Consumer protections come through more with other statutes, such as s. 459.1 of the Bank Act, which prohibits coercive selling in all circumstances. Further protection can be found under the Securities Act through National Instrument 33-102, which prevents abusive sale practices, including if a customer is coerced or forced into purchasing two products together.

That doesn’t mean that Canada is not exploring these issues in a new economy at all. The Competition Bureau released a paper in November 2017 looking at the implications for competition policy due to big data and innovation. Although the potential abuse of big data is recognized here, prohibitions would have an adverse effect on innovation. Data collection may even improve competition by providing incentives to innovate when companies identify their competitors entering into new commercial areas. The Bureau appears to prefer applying the regulatory scheme in a flexible manner to adapt and change to emerging market conditions, but also concludes that competition enforcement should pay an important role in a new economy.
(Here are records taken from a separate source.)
(* Let $G:\mathcal P(\mathbb T^d)\to\mathbb R$ and define $\hat G:M\to\mathbb R$ by $\hat G(\psi)=G(\pi_\sharp\psi_\sharp\mathcal L^d)$. Suppose $G$ is strongly differentiable at $\tilde\mu\in\mathcal P(\mathbb T^d)$, let $\mu\in\mathcal P_2(\mathbb R^d)$ satisfy $\pi_\sharp\mu=\tilde\mu$, and let $\psi\in M$ satisfy $\psi_\sharp\mathcal L^d=\mu$. Then $\hat G$ is (Fréchet) differentiable at $\psi\circ h+z$ for every $(h,z)\in H\times L^2_{\mathbb Z}$, and $$D\hat G(\psi\circ h+z)=D\hat G(\psi)\circ h.$$
   Context: $\mathbb T^d=\mathbb R^d/\mathbb Z^d$, $\pi:\mathbb R^d\to\mathbb T^d$ the projection. $M=L^2([0,1)^d,\mathbb R^d)$, $\mathcal L^d$ Lebesgue measure on $[0,1)^d$; $D$ is the gradient on $M$ (an element of $M$ via the $L^2$ inner product). $H$ is the group of bi-measurable bijections of $[0,1)^d$ preserving $\mathcal L^d$; $L^2_{\mathbb Z}=L^2([0,1)^d,\mathbb Z^d)$. $\mathcal P(\mathbb T^d)$: Borel probability measures on $\mathbb T^d$; $\mathcal P_2(\mathbb R^d)$: those on $\mathbb R^d$ with finite second moment. Let $\alpha(x,v)=x+v$. For $\tilde\mu,\tilde\nu\in\mathcal P(\mathbb T^d)$, $\Psi(\tilde\mu,\tilde\nu)$ is the set of probability measures $\gamma$ on $\mathbb T^d\times\mathbb R^d$ with finite second moment in $v$, first marginal $\tilde\mu$ and $\alpha_\sharp\gamma=\tilde\nu$. $G$ is strongly differentiable at $\tilde\mu$ if there are $\xi\in L^2_{\tilde\mu}(\mathbb T^d,\mathbb R^d)$ and $k>0$ with $\big|G(\tilde\nu)-G(\tilde\mu)-\int\langle\xi(x),v\rangle d\gamma(x,v)\big|\le k\int|v|^2d\gamma(x,v)$ for all $\tilde\nu$ and all $\gamma\in\Psi(\tilde\mu,\tilde\nu)$. *)

theory Defs
  imports "HOL-Probability.Probability"
begin

definition unit_cube :: "(real ^ 'd) set" where
  "unit_cube = {x. \<forall>i. 0 \<le> x $ i \<and> x $ i < 1}"

definition Leb_cube :: "(real ^ 'd) measure" where
  "Leb_cube = lebesgue_on unit_cube"

text \<open>Projection pi : R^d -> T^d, the torus being modelled by its fundamental domain [0,1)^d.\<close>
definition tor_proj :: "real ^ 'd \<Rightarrow> real ^ 'd" where
  "tor_proj x = (\<chi> i. frac (x $ i))"

text \<open>P(T^d): Borel probability measures on R^d concentrated on [0,1)^d (i.e. on the torus).\<close>
definition prob_torus :: "(real ^ 'd) measure set" where
  "prob_torus = {m. prob_space m \<and> sets m = sets borel \<and> emeasure m (UNIV - unit_cube) = 0}"

definition prob2 :: "(real ^ 'd) measure set" where
  "prob2 = {m. prob_space m \<and> sets m = sets borel \<and> integrable m (\<lambda>x. (norm x)\<^sup>2)}"

text \<open>M = L^2([0,1)^d, R^d) (represented by functions).\<close>
definition L2M :: "(real ^ 'd \<Rightarrow> real ^ 'd) set" where
  "L2M = {f. f \<in> borel_measurable Leb_cube \<and> integrable Leb_cube (\<lambda>x. (norm (f x))\<^sup>2)}"

definition L2_inner :: "(real ^ 'd \<Rightarrow> real ^ 'd) \<Rightarrow> (real ^ 'd \<Rightarrow> real ^ 'd) \<Rightarrow> real" where
  "L2_inner f g = (\<integral>x. f x \<bullet> g x \<partial>Leb_cube)"

definition L2_norm :: "(real ^ 'd \<Rightarrow> real ^ 'd) \<Rightarrow> real" where
  "L2_norm f = sqrt (\<integral>x. (norm (f x))\<^sup>2 \<partial>Leb_cube)"

definition L2Z :: "(real ^ 'd \<Rightarrow> real ^ 'd) set" where
  "L2Z = {z. z \<in> L2M \<and> (\<forall>x\<in>unit_cube. \<forall>i. z x $ i \<in> \<int>)}"

definition meas_pres_bij :: "(real ^ 'd \<Rightarrow> real ^ 'd) set" where
  "meas_pres_bij = {h. bij_betw h unit_cube unit_cube
      \<and> h \<in> measurable Leb_cube Leb_cube
      \<and> inv_into unit_cube h \<in> measurable Leb_cube Leb_cube
      \<and> distr Leb_cube Leb_cube h = Leb_cube}"

definition Ghat :: "((real ^ 'd) measure \<Rightarrow> real) \<Rightarrow> (real ^ 'd \<Rightarrow> real ^ 'd) \<Rightarrow> real" where
  "Ghat G \<psi> = G (distr (distr Leb_cube borel \<psi>) borel tor_proj)"

definition plans :: "(real ^ 'd) measure \<Rightarrow> (real ^ 'd) measure \<Rightarrow> ((real ^ 'd) \<times> (real ^ 'd)) measure set" where
  "plans mu nu = {\<gamma>. prob_space \<gamma> \<and> sets \<gamma> = sets (borel \<Otimes>\<^sub>M borel)
      \<and> integrable \<gamma> (\<lambda>(x, v). (norm v)\<^sup>2)
      \<and> distr \<gamma> borel fst = mu
      \<and> distr \<gamma> borel (\<lambda>(x, v). tor_proj (x + v)) = nu}"

definition strongly_diff :: "((real ^ 'd) measure \<Rightarrow> real) \<Rightarrow> (real ^ 'd) measure \<Rightarrow> bool" where
  "strongly_diff G mu \<longleftrightarrow> (\<exists>\<xi> k. \<xi> \<in> borel_measurable mu \<and> integrable mu (\<lambda>x. (norm (\<xi> x))\<^sup>2)
      \<and> k > 0 \<and> (\<forall>nu \<in> prob_torus. \<forall>\<gamma> \<in> plans mu nu.
          \<bar>G nu - G mu - (\<integral>(x, v). \<xi> x \<bullet> v \<partial>\<gamma>)\<bar> \<le> k * (\<integral>(x, v). (norm v)\<^sup>2 \<partial>\<gamma>)))"

definition has_L2_gradient :: "((real ^ 'd \<Rightarrow> real ^ 'd) \<Rightarrow> real) \<Rightarrow> (real ^ 'd \<Rightarrow> real ^ 'd) \<Rightarrow> (real ^ 'd \<Rightarrow> real ^ 'd) \<Rightarrow> bool" where
  "has_L2_gradient F \<psi> \<Phi> \<longleftrightarrow> \<Phi> \<in> L2M \<and>
     (\<forall>\<epsilon>>0. \<exists>\<delta>>0. \<forall>\<phi>\<in>L2M. L2_norm \<phi> < \<delta> \<longrightarrow>
        \<bar>F (\<lambda>x. \<psi> x + \<phi> x) - F \<psi> - L2_inner \<Phi> \<phi>\<bar> \<le> \<epsilon> * L2_norm \<phi>)"

end

theory Submission
  imports Defs
begin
Understanding competition law within the broader regulatory context may also help lawyers entering the area to understand and address market inefficiencies and consumer dissatisfaction with services provided. Complaints last year from the big 5 Canadian banks that employees appear pressured to oversell products to consumers, including tricking or lying to them. The Financial Consumer Agency of Canada (FCAC) released a report last month concluding they were unable to find evidence of widespread “upselling,” but acknowledge that governance frameworks do not adequately address the risks of any market conduct obligations. The reason for this problem emerging in a traditional industry like banking is that technological advances have changed consumer behaviours in finance, with the majority of transactions occurring online and at ATMs, but the majority of sales growth occurs through branches and call centres. Continued consumer dissatisfaction may give greater momentum to Hipster Antitrust sentiments in Canada as well.

Few of the young lawyers in Ottawa for the conference had any exposure to competition law while in law school, and it is only in practice that they were introduced to it. Connecting competition law to broader policy issues and discussions of economic concern around innovation, even if to continue to maintain the standard economic analysis, may provide the context that would expand interest in this area for the future generation of competition lawyers.